1. Bottom of pp.2, the authors claim that some dynamics are not `valid' because they aren't reversible. They probably meant to say something about how they don't converge to the target.

2. There seems to be a bit of a bait-and-switch at the bottom of page 3. Up until now, the new method has been motivated by pointing out that competitor algorithms scale poorly in high dimensions. When the scaling of this paper's algorithm is revealed, it looks pretty similar for the example under consideration, but this is brushed away as being unimportant. This isn't such a big deal for the applicability of the paper; it just makes the note feel a little dishonest. Alternatively, maybe this is really a big difference, in which case they should explain why.

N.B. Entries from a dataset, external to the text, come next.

theorem lemma3p6:
  fixes \<gamma> :: real
  assumes "\<gamma> \<ge> 0"
  shows "kompaneets_supersolution (\<lambda>x. n0hat x + \<gamma> * mfun x)
           (\<lambda>x t. n0hat x + \<gamma> * mfun x)"
proof -
  let ?S' = "\<lambda>x. 2 * x * occupation \<gamma> x + x^2 * occupation_deriv \<gamma> x"
  let ?S'' = "\<lambda>x. 2 * occupation \<gamma> x + 4 * x * occupation_deriv \<gamma> x
                  + x^2 * occupation_deriv2 \<gamma> x"
  have "kompaneets_supersolution (\<lambda>x. x^2 * occupation \<gamma> x) (\<lambda>x t. x^2 * occupation \<gamma> x)"
  proof (rule kompaneets_supersolution_stationary[where S' = ?S' and S'' = ?S''])
    fix x :: real
    assume "0 < x"
    then show "((\<lambda>x. x^2 * occupation \<gamma> x) has_real_derivative ?S' x) (at x)"
      and "(?S' has_real_derivative ?S'' x) (at x)"
      by (auto intro!: derivative_eq_intros occupation_has_real_derivative
          occupation_deriv_has_real_derivative simp: algebra_simps)
    show "deriv (\<lambda>y. Jflux y (y^2 * occupation \<gamma> y) (?S' y)) x \<le> 0"
      using deriv_mfun_square_nonpos[OF \<open>0 < x\<close>] by (simp add: Jflux_occupation_eq)
  next
    show "continuous_on {0<..} ?S''"
      unfolding occupation_def occupation_deriv_def occupation_deriv2_def
      by (intro continuous_intros continuous_on_bose)
    show "\<forall>\<^sub>F x in at_top. 0 \<le> Jflux x (x^2 * occupation \<gamma> x) (?S' x)"
      by (simp add: Jflux_occupation_eq)
  qed (use assms in \<open>auto intro: set_integrable_occupation sq_occupation_tendsto_at_right_0
         sq_profile_deriv_tendsto_at_right_0\<close>)
  then show ?thesis
    by (simp add: n0hat_add_mfun_eq)
qed

end
lemma distr_fst_lift:
  assumes Q': "Q' \<in> couplings \<mu>' \<nu>'" and ac: "absolutely_continuous (\<mu>' \<Otimes>\<^sub>M \<nu>') Q'"
  shows "distr (lift Q') \<mu> fst = \<mu>"
proof -
  have [measurable]: "fst \<in> measurable (lift Q') \<mu>"
    by (simp add: measurable_cong_sets[OF sets_lift refl])
  have \<Phi>_lift: "\<Phi> \<in> measurable (lift Q') (\<mu>' \<Otimes>\<^sub>M \<nu>')"
    using measurable_\<Phi> by (simp add: measurable_cong_sets[OF sets_lift refl])
  have [measurable]: "fst \<in> measurable Q' \<mu>'" "fst \<in> measurable Q' A"
    using measurable_fst[of \<mu>' \<nu>'] unfolding measurable_coupling[OF Q'] by simp_all
  have [measurable]: "h \<in> measurable \<mu>' \<mu>"
    by simp
  have "AE x in distr (\<mu> \<Otimes>\<^sub>M \<nu>) \<mu> fst. h (T\<^sub>1 x) = x"
    unfolding prob_space.distr_pair_fst[OF prob_\<nu>] by (rule h_T\<^sub>1)
  then have "AE z in \<mu> \<Otimes>\<^sub>M \<nu>. h (T\<^sub>1 (fst z)) = fst z"
    by (rule AE_distrD[rotated]) simp
  then have "AE z in lift Q'. fst z = h (T\<^sub>1 (fst z))"
    unfolding lift_def by (subst AE_density[OF measurable_RN_deriv_\<Phi>]) (auto elim: eventually_mono)
  then have "distr (lift Q') \<mu> fst = distr (lift Q') \<mu> (\<lambda>z. h (fst (\<Phi> z)))"
    using measurable_compose[OF \<Phi>_lift, of "\<lambda>y. h (fst y)" \<mu>]
    by (intro distr_cong_AE) (simp_all add: measurable_cong_sets[OF sets_pushforward_product refl])
  also have "\<dots> = distr (distr (lift Q') (\<mu>' \<Otimes>\<^sub>M \<nu>') \<Phi>) \<mu> (\<lambda>y. h (fst y))"
    using \<Phi>_lift by (subst distr_distr) (simp_all add: comp_def measurable_cong_sets[OF sets_pushforward_product refl])
  also have "\<dots> = distr (distr Q' \<mu>' fst) \<mu> h"
    unfolding distr_lift[OF Q' ac] by (subst distr_distr) (simp_all add: comp_def)
  also have "\<dots> = distr \<mu> \<mu> (\<lambda>x. h (T\<^sub>1 x))"
    using Q' by (simp add: couplings_def distr_distr comp_def)
  also have "\<dots> = distr \<mu> \<mu> (\<lambda>x. x)"
    using h_T\<^sub>1 by (intro distr_cong_AE) simp_all
  finally show ?thesis
    by (simp add: distr_id)
qed

lemma distr_snd_lift:
  assumes Q': "Q' \<in> couplings \<mu>' \<nu>'" and ac: "absolutely_continuous (\<mu>' \<Otimes>\<^sub>M \<nu>') Q'"
  shows "distr (lift Q') \<nu> snd = \<nu>"
proof -
  let ?g = "RN_deriv (\<mu>' \<Otimes>\<^sub>M \<nu>') Q'"
  define H where "H = (\<lambda>z. \<integral>\<^sup>+x. ?g (x, z) \<partial>\<mu>')"
  have [measurable]: "?g \<in> borel_measurable (A \<Otimes>\<^sub>M B)"
    using borel_measurable_RN_deriv[of "\<mu>' \<Otimes>\<^sub>M \<nu>'" Q']
    unfolding measurable_cong_sets[OF sets_pushforward_product refl] .
  have "(\<lambda>(z, x). ?g (x, z)) \<in> borel_measurable (\<nu>' \<Otimes>\<^sub>M \<mu>')"
    using measurable_pair_swap[OF borel_measurable_RN_deriv[of "\<mu>' \<Otimes>\<^sub>M \<nu>'" Q']]
    by (simp add: split_beta)
  then have H_meas: "H \<in> borel_measurable \<nu>'"
    unfolding H_def by (rule \<rho>'.M1.borel_measurable_nn_integral)
  have "density \<nu>' H = distr Q' \<nu>' snd"
    using \<rho>'.distr_snd_density[of ?g] \<rho>'.density_RN_deriv[OF ac] Q'
    by (simp add: H_def couplings_def)
  also have "\<dots> = density \<nu>' (\<lambda>_. 1)"
    using Q' by (simp add: couplings_def density_1)
  finally have "AE z in \<nu>'. H z = 1"
    using \<rho>'.M2.density_unique_iff[OF H_meas] by simp
  then have H_T\<^sub>2: "AE y in \<nu>. H (T\<^sub>2 y) = 1"
    by (rule AE_distrD[rotated]) simp
  have "AE y in \<nu>. (\<integral>\<^sup>+x. ?g (\<Phi> (x, y)) \<partial>\<mu>) = 1"
    using H_T\<^sub>2 AE_space
  proof eventually_elim
    case (elim y)
    then have "T\<^sub>2 y \<in> space B"
      using measurable_space[OF T\<^sub>2] by simp
    then have "(\<integral>\<^sup>+x. ?g (\<Phi> (x, y)) \<partial>\<mu>) = H (T\<^sub>2 y)"
      unfolding H_def by (subst nn_integral_distr) simp_all
    with elim show ?case
      by simp
  qed
  then have "density \<nu> (\<lambda>y. \<integral>\<^sup>+x. ?g (\<Phi> (x, y)) \<partial>\<mu>) = density \<nu> (\<lambda>_. 1)"
    by (intro density_cong) measurable
  moreover have "distr (lift Q') \<nu> snd = density \<nu> (\<lambda>y. \<integral>\<^sup>+x. ?g (\<Phi> (x, y)) \<partial>\<mu>)"
    unfolding lift_def using measurable_RN_deriv_\<Phi> by (rule \<rho>.distr_snd_density)
  ultimately show ?thesis
    by (simp add: density_1)
qed

lemma lift_couplings:
  assumes Q': "Q' \<in> couplings \<mu>' \<nu>'" and ac: "absolutely_continuous (\<mu>' \<Otimes>\<^sub>M \<nu>') Q'"
  shows "lift Q' \<in> couplings \<mu> \<nu>"
proof -
  have "\<Phi> \<in> measurable (lift Q') (\<mu>' \<Otimes>\<^sub>M \<nu>')"
    using measurable_\<Phi> by (simp add: measurable_cong_sets[OF sets_lift refl])
  moreover have "prob_space (distr (lift Q') (\<mu>' \<Otimes>\<^sub>M \<nu>') \<Phi>)"
    using Q' by (simp add: distr_lift[OF Q' ac] couplings_def)
  ultimately have "prob_space (lift Q')"
    by (rule prob_space_distrD)
  then show ?thesis
    using distr_fst_lift[OF Q' ac] distr_snd_lift[OF Q' ac] by (simp add: couplings_def)
qed

context
  fixes c :: "'a \<Rightarrow> 'b \<Rightarrow> real" and c' :: "'c \<Rightarrow> 'e \<Rightarrow> real" and r :: "'b \<Rightarrow> real"
  assumes c: "(\<lambda>z. c (fst z) (snd z)) \<in> borel_measurable (\<mu> \<Otimes>\<^sub>M \<nu>)"
    and c': "(\<lambda>z. c' (fst z) (snd z)) \<in> borel_measurable (A \<Otimes>\<^sub>M B)"
    and r: "integrable \<nu> r" and c_h: "\<And>a y. c (h a) y = c' a (T\<^sub>2 y) + r y"
begin
(* Consider a channel with finite input alphabet $\mathcal X$ and output alphabet $\mathcal Y$ specified by causal conditioning pmfs $p(y^n\|x^n)$ for every $n\ge1$, whose feedback capacity is $C_{fb}=\lim_{n\to\infty}\frac1n\max_{P(x^n\|y^{n-1})}I(X^n\to Y^n)$ and whose non-feedback capacity is $C=\lim_{n\to\infty}\frac1n\max_{P(x^n)}I(X^n\to Y^n)$. Suppose that for every $n$ there is a causal conditioning pmf $P^*(x^n\|y^{n-1})$, all of whose entries are positive, achieving $\max_{P(x^n\|y^{n-1})}I(X^n\to Y^n)$, and let $P^*(y^n)=\sum_{x^n}p(y^n\|x^n)p^*(x^n\|y^{n-1})$ be the induced output pmf. If for every $n$ there exists an input pmf $P(x^n)$ such that $p^*(y^n)=\sum_{x^n}p(y^n\|x^n)p(x^n)$ for all $y^n$, then $C_{fb}=C$.
   Context: Causal conditioning: $p(x^n\|y^{n-1})=\prod_{i=1}^n p(x_i|x^{i-1},y^{i-1})$, $p(y^n\|x^n)=\prod_{i=1}^n p(y_i|y^{i-1},x^i)$. Directed information: $I(X^n\to Y^n)=\sum_{i=1}^n I(X^i;Y_i|Y^{i-1})$, computed under the joint law $p(x^n\|y^{n-1})p(y^n\|x^n)$ (with $p(x^n\|y^{n-1})=p(x^n)$ in the non-feedback maximization). *)

theory Defs
  imports Complex_Main
begin

definition seqs :: "nat \<Rightarrow> 'a list set" where
  "seqs n = {xs. length xs = n}"

definition ccond_chan :: "nat \<Rightarrow> ('x::finite list \<Rightarrow> 'y::finite list \<Rightarrow> real) \<Rightarrow> bool" where
  "ccond_chan n W \<longleftrightarrow> (\<exists>q :: nat \<Rightarrow> 'y list \<Rightarrow> 'x list \<Rightarrow> 'y \<Rightarrow> real.
      (\<forall>i ys xs y. 0 \<le> q i ys xs y) \<and> (\<forall>i ys xs. (\<Sum>y\<in>UNIV. q i ys xs y) = 1) \<and>
      (\<forall>xs\<in>seqs n. \<forall>ys\<in>seqs n.
          W xs ys = (\<Prod>i<n. q i (take i ys) (take (Suc i) xs) (ys ! i))))"

definition ccond_input :: "nat \<Rightarrow> ('x::finite list \<Rightarrow> 'y::finite list \<Rightarrow> real) \<Rightarrow> bool" where
  "ccond_input n Q \<longleftrightarrow> (\<exists>r :: nat \<Rightarrow> 'x list \<Rightarrow> 'y list \<Rightarrow> 'x \<Rightarrow> real.
      (\<forall>i xs ys x. 0 \<le> r i xs ys x) \<and> (\<forall>i xs ys. (\<Sum>x\<in>UNIV. r i xs ys x) = 1) \<and>
      (\<forall>xs\<in>seqs n. \<forall>ys\<in>seqs n.
          Q xs ys = (\<Prod>i<n. r i (take i xs) (take i ys) (xs ! i))))"

definition is_pmf_seq :: "nat \<Rightarrow> ('x::finite list \<Rightarrow> real) \<Rightarrow> bool" where
  "is_pmf_seq n P \<longleftrightarrow> (\<forall>xs\<in>seqs n. 0 \<le> P xs) \<and> (\<Sum>xs\<in>seqs n. P xs) = 1"

definition marg :: "nat \<Rightarrow> ('x::finite list \<Rightarrow> 'y::finite list \<Rightarrow> real) \<Rightarrow> nat \<Rightarrow> nat
                      \<Rightarrow> 'x list \<Rightarrow> 'y list \<Rightarrow> real" where
  "marg n J i j a b = (\<Sum>xs\<in>seqs n. \<Sum>ys\<in>seqs n.
       if take i xs = a \<and> take j ys = b then J xs ys else 0)"

text \<open>Conditional mutual information I(X^i;Y_i|Y^{i-1}) under joint pmf J on length-n sequences
  (bits; terms with zero probability contribute 0).\<close>
definition cmi_term :: "nat \<Rightarrow> ('x::finite list \<Rightarrow> 'y::finite list \<Rightarrow> real) \<Rightarrow> nat \<Rightarrow> real" where
  "cmi_term n J i = (\<Sum>a\<in>seqs i. \<Sum>b\<in>seqs i.
      marg n J i i a b *
        log 2 ((marg n J i i a b * marg n J 0 (i - 1) [] (take (i - 1) b)) /
               (marg n J i (i - 1) a (take (i - 1) b) * marg n J 0 i [] b)))"

definition dirinfo :: "nat \<Rightarrow> ('x::finite list \<Rightarrow> 'y::finite list \<Rightarrow> real)
                         \<Rightarrow> ('x list \<Rightarrow> 'y list \<Rightarrow> real) \<Rightarrow> real" where
  "dirinfo n Q W = (\<Sum>i=1..n. cmi_term n (\<lambda>xs ys. Q xs ys * W xs ys) i)"

definition Cfb_n :: "(nat \<Rightarrow> 'x::finite list \<Rightarrow> 'y::finite list \<Rightarrow> real) \<Rightarrow> nat \<Rightarrow> real" where
  "Cfb_n W n = Sup ((\<lambda>Q. dirinfo n Q (W n)) ` {Q. ccond_input n Q})"

definition Cnf_n :: "(nat \<Rightarrow> 'x::finite list \<Rightarrow> 'y::finite list \<Rightarrow> real) \<Rightarrow> nat \<Rightarrow> real" where
  "Cnf_n W n = Sup ((\<lambda>P. dirinfo n (\<lambda>xs ys. P xs) (W n)) ` {P. is_pmf_seq n P})"

definition feedback_capacity :: "(nat \<Rightarrow> 'x::finite list \<Rightarrow> 'y::finite list \<Rightarrow> real) \<Rightarrow> real" where
  "feedback_capacity W = lim (\<lambda>n. Cfb_n W n / real n)"

definition capacity :: "(nat \<Rightarrow> 'x::finite list \<Rightarrow> 'y::finite list \<Rightarrow> real) \<Rightarrow> real" where
  "capacity W = lim (\<lambda>n. Cnf_n W n / real n)"

end

theory Submission
  imports Defs
begin

text \<open>By the chain rule, the directed information of an input \<open>Q\<close> is the expected channel
  log-likelihood minus the output entropy, so among the inputs inducing one fixed output law it is a
  linear function of \<open>Q\<close>. The causal conditioning pmfs form a convex set described by linear
  constraints, and a strictly positive optimiser \<open>Q\<^sup>*\<close> can be pushed a little beyond itself, away from
  any other admissible input \<open>Q\<close>, without leaving that set. Linearity together with the optimality of
  \<open>Q\<^sup>*\<close> at both ends of this segment forces \<open>I(Q) = I(Q\<^sup>*)\<close> whenever \<open>Q\<close> induces the same output law.
  Applied to the non-feedback input \<open>P(x\<^sup>n)\<close> this shows that the \<open>n\<close>-letter feedback and
  non-feedback maxima coincide for every \<open>n\<close>, hence so do the limits.\<close>

lemma finite_seqs [simp]: "finite (seqs n :: 'a::finite list set)"
proof -
  have "seqs n = {xs::'a list. set xs \<subseteq> UNIV \<and> length xs = n}" by (auto simp: seqs_def)
  then show ?thesis using finite_lists_length_eq[of "UNIV::'a set" n] by simp
qed

lemma seqs_0 [simp]: "seqs 0 = {[]}"
  by (auto simp: seqs_def)

lemma seqs_nonempty: "seqs n \<noteq> {}"
  using length_replicate[of n undefined] unfolding seqs_def by blast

3. I wish section 4.3 were longer! This seems like the most important section, but it wasn't enough for me to figure out what was going on. This is the sort of section that would be *vastly* improved by *any* toy example where this heuristic could be made precise. In particular, it would be nice to see that there is some optimal value of total energy in the Gibbs version of HMC, and that their method of passing energy back and forth between components (rather than keeping it constant) actually does better than that optimal value. Even just stating the algorithm and values would be enough, which could be done in a few lines. If the claim really is obvious, I hope that they have such an example.

4. In figure 1, I don't think the author's explain the coloring on pictures 2 and 4.
The authors introduce a new Hamiltonian and claim that it is better than existing Hamiltonians for heirarchical models. The technical material is very well-written, and the Hamiltonian they present is (as far as I know) novel. It is also very plausible that the new Hamiltonian leads to substantial improvements. However, I found it to be most confusing (and least convincing) in the few places that it argues the new method is better than the old one. Also, for hierarchical models, now there are a lot of tools. Thus my question is whether these set of improvements will really make a difference. However, of course, new ideas are always welcome.
Author Feedback
Author Feedback
Q1:Author rebuttal: Please respond to any concerns raised in the reviews. There are no constraints on how you want to argue your case, except for the fact that your text should be limited to a maximum of 6000 characters. Note however, that reviewers and area chairs are busy and may not read long vague rebuttals. It is in your own interest to be concise and to the point.
Reviewer 15:
Thanks for pointing out the inconsistent notations, we will correct them.

Reviewer 24:

* "the term G_{\theta}(\phi, x) will be a function of *only* \phi and x"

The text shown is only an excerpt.